= Goal of the exercise =
With the first line below as the start and the line containing "q - 1\<close>" as the end, copy every line between them exactly, ends included.

= Saved entries =
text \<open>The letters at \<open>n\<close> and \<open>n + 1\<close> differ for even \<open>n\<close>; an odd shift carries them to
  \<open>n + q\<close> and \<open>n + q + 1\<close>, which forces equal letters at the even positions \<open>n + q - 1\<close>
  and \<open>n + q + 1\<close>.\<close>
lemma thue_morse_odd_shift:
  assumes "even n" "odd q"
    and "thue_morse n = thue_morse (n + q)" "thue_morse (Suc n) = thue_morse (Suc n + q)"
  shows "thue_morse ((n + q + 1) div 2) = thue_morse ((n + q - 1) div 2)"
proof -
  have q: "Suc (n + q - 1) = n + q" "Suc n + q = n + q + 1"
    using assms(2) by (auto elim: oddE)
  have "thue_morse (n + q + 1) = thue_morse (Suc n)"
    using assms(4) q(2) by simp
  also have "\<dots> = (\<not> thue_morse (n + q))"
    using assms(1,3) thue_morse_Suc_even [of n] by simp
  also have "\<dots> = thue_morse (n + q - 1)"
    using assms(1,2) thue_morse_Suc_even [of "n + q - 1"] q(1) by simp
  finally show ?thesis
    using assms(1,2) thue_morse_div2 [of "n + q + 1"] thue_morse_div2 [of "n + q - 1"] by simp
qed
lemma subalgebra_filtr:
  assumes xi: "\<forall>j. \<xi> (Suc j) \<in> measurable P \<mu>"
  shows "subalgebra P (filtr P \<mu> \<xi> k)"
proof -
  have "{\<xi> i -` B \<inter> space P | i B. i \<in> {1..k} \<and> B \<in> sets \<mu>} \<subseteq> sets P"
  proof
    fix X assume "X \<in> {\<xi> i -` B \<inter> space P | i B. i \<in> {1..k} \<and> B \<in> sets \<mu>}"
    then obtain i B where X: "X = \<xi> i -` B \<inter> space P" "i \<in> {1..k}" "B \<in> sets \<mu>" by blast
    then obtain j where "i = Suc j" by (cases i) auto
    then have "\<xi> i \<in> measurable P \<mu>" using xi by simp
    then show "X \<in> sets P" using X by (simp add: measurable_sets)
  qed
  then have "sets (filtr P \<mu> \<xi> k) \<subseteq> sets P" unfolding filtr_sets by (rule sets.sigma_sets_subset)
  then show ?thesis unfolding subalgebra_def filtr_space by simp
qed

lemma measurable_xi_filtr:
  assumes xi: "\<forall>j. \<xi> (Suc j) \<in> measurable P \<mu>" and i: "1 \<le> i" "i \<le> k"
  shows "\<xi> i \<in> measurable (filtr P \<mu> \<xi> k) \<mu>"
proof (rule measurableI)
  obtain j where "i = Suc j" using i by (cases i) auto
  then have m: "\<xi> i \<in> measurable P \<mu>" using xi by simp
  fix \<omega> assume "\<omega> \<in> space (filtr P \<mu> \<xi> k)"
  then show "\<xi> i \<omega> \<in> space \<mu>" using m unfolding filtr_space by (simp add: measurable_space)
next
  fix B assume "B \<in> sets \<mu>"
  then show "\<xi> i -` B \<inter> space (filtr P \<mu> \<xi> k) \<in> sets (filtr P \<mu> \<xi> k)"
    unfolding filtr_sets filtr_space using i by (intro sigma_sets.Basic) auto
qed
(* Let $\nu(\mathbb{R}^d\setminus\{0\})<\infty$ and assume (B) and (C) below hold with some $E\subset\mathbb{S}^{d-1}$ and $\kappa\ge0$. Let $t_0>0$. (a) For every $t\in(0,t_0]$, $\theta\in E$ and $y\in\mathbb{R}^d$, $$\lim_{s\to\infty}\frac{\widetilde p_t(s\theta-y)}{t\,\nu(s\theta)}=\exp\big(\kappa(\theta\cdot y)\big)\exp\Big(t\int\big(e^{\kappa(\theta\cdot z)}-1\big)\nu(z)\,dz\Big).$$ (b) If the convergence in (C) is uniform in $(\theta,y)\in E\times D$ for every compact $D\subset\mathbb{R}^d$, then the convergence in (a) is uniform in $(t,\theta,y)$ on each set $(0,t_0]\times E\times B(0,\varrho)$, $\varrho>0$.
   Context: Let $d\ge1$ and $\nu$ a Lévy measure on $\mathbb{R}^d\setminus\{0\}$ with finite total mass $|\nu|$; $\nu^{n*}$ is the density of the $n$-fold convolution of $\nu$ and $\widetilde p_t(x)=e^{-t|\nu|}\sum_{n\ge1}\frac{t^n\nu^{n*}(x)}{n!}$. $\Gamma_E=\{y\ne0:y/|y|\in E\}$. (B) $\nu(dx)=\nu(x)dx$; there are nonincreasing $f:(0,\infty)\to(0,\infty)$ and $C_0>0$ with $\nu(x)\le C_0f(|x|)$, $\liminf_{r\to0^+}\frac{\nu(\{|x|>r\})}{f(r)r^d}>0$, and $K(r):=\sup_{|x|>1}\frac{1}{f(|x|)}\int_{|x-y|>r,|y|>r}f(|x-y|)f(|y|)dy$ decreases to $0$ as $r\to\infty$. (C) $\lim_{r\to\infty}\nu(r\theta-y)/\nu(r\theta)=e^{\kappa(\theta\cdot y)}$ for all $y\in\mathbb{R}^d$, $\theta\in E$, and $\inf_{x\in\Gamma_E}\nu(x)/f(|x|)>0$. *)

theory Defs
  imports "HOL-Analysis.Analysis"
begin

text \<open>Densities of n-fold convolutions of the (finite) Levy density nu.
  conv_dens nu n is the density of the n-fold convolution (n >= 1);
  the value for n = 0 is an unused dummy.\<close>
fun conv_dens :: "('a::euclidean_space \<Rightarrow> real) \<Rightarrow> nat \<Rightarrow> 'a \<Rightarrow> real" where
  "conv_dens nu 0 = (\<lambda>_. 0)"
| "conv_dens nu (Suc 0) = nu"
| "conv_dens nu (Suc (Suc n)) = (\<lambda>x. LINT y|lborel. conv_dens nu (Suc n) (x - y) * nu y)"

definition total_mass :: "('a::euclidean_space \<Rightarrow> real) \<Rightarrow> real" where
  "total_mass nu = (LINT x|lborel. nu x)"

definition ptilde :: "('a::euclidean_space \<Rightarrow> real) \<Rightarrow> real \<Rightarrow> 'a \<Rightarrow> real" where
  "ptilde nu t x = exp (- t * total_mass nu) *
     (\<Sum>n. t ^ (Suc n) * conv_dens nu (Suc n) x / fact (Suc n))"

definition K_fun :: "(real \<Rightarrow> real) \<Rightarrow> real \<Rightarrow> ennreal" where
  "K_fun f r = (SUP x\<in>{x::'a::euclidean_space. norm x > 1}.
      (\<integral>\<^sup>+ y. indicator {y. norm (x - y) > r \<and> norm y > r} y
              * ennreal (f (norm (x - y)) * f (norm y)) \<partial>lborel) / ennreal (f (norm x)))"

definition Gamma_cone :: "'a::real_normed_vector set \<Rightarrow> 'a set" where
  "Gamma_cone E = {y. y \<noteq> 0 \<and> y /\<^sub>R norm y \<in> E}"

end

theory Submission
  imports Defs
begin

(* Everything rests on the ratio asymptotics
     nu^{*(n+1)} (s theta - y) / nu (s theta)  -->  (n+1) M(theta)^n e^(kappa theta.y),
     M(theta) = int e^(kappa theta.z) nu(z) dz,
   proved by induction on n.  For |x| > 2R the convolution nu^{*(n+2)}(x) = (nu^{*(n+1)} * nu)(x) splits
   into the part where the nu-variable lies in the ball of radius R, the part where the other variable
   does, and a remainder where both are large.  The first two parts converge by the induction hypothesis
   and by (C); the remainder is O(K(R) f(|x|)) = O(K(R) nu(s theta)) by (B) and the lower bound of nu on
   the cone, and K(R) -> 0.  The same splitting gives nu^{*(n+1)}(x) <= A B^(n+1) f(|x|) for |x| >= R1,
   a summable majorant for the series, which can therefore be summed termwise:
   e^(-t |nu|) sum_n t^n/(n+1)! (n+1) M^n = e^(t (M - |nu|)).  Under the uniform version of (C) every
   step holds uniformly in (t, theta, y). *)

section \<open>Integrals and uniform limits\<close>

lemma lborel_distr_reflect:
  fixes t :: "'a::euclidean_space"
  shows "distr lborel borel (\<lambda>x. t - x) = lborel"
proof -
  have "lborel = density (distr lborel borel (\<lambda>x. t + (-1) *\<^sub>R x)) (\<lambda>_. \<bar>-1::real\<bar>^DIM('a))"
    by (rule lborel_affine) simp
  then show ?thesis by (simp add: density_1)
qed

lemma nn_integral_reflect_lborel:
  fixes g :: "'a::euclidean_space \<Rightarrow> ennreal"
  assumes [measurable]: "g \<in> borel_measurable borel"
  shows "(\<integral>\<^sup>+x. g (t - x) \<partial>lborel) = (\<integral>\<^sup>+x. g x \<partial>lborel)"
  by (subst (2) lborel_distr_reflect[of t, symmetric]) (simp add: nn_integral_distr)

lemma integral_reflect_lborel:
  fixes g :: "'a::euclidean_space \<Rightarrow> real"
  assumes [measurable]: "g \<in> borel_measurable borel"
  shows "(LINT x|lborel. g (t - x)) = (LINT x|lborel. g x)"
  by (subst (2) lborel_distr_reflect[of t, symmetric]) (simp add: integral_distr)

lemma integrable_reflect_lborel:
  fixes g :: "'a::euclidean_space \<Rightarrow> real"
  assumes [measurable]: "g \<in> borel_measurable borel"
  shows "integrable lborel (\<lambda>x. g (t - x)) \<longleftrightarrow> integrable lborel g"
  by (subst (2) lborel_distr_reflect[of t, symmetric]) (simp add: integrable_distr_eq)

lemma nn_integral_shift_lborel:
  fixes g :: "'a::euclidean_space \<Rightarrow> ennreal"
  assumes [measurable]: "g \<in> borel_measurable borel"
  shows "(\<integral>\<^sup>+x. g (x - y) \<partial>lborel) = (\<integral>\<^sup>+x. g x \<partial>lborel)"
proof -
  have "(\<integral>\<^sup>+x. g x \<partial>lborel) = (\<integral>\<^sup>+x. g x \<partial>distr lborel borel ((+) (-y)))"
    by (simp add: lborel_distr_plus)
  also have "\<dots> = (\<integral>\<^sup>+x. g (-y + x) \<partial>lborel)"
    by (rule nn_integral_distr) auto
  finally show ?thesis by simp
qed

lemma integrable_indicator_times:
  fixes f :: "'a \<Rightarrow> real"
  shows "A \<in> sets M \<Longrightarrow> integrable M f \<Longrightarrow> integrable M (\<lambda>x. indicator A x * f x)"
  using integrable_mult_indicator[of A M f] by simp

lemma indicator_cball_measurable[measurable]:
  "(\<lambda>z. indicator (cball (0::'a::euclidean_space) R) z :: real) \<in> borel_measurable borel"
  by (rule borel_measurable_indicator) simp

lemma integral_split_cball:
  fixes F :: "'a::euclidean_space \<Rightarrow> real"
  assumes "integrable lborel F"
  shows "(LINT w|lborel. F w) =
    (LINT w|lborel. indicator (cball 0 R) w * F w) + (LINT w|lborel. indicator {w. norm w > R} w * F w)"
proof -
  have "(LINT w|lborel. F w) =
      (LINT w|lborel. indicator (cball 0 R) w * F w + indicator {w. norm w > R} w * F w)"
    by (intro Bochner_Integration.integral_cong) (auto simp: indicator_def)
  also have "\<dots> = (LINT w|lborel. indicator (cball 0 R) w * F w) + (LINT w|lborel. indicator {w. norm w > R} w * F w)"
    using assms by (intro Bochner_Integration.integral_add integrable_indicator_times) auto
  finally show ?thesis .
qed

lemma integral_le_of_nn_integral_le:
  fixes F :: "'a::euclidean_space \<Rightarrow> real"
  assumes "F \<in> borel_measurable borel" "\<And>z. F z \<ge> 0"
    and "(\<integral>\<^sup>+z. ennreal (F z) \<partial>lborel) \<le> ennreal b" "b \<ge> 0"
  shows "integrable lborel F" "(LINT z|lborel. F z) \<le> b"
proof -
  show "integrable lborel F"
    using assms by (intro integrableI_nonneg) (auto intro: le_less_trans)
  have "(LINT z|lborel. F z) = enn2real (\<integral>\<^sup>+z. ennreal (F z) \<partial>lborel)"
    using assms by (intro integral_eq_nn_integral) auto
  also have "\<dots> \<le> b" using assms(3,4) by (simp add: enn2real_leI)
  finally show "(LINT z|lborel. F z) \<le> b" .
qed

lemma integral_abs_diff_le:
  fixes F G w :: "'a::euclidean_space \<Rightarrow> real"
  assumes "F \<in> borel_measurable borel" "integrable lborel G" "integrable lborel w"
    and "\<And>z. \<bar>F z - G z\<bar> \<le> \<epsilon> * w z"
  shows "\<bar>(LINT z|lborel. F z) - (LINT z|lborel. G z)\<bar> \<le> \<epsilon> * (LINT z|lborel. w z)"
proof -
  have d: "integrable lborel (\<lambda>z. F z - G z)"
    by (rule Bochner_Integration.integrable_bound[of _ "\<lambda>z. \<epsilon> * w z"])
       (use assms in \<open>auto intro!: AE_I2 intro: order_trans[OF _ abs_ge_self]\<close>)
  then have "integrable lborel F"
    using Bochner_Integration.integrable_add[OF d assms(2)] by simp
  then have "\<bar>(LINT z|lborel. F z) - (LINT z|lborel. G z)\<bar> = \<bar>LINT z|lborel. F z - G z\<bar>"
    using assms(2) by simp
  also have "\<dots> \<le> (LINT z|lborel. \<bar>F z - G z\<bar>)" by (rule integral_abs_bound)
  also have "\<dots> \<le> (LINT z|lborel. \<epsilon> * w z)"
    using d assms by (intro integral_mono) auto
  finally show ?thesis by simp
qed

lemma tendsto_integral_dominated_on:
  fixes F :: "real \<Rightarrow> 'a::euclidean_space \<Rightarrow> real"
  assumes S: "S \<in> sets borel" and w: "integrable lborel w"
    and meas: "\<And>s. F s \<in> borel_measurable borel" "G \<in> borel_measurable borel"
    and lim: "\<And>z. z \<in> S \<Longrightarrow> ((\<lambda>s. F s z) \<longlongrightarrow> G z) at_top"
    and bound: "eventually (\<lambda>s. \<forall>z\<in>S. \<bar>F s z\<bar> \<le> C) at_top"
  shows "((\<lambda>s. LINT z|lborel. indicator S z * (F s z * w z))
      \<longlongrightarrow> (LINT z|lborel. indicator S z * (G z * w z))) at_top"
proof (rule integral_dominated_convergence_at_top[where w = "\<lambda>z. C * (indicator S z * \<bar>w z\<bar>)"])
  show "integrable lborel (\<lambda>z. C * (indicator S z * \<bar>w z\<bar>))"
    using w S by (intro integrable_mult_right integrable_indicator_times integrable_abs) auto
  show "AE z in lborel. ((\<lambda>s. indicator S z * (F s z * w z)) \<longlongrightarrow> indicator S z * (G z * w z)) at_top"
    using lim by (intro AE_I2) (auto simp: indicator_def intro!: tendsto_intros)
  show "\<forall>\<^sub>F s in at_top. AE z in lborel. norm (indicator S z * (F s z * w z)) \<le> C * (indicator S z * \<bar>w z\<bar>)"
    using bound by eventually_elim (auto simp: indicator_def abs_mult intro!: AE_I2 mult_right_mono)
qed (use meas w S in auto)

= Task response =
text \<open>The letters at \<open>n\<close> and \<open>n + 1\<close> differ for even \<open>n\<close>; an odd shift carries them to
  \<open>n + q\<close> and \<open>n + q + 1\<close>, which forces equal letters at the even positions \<open>n + q - 1\<close>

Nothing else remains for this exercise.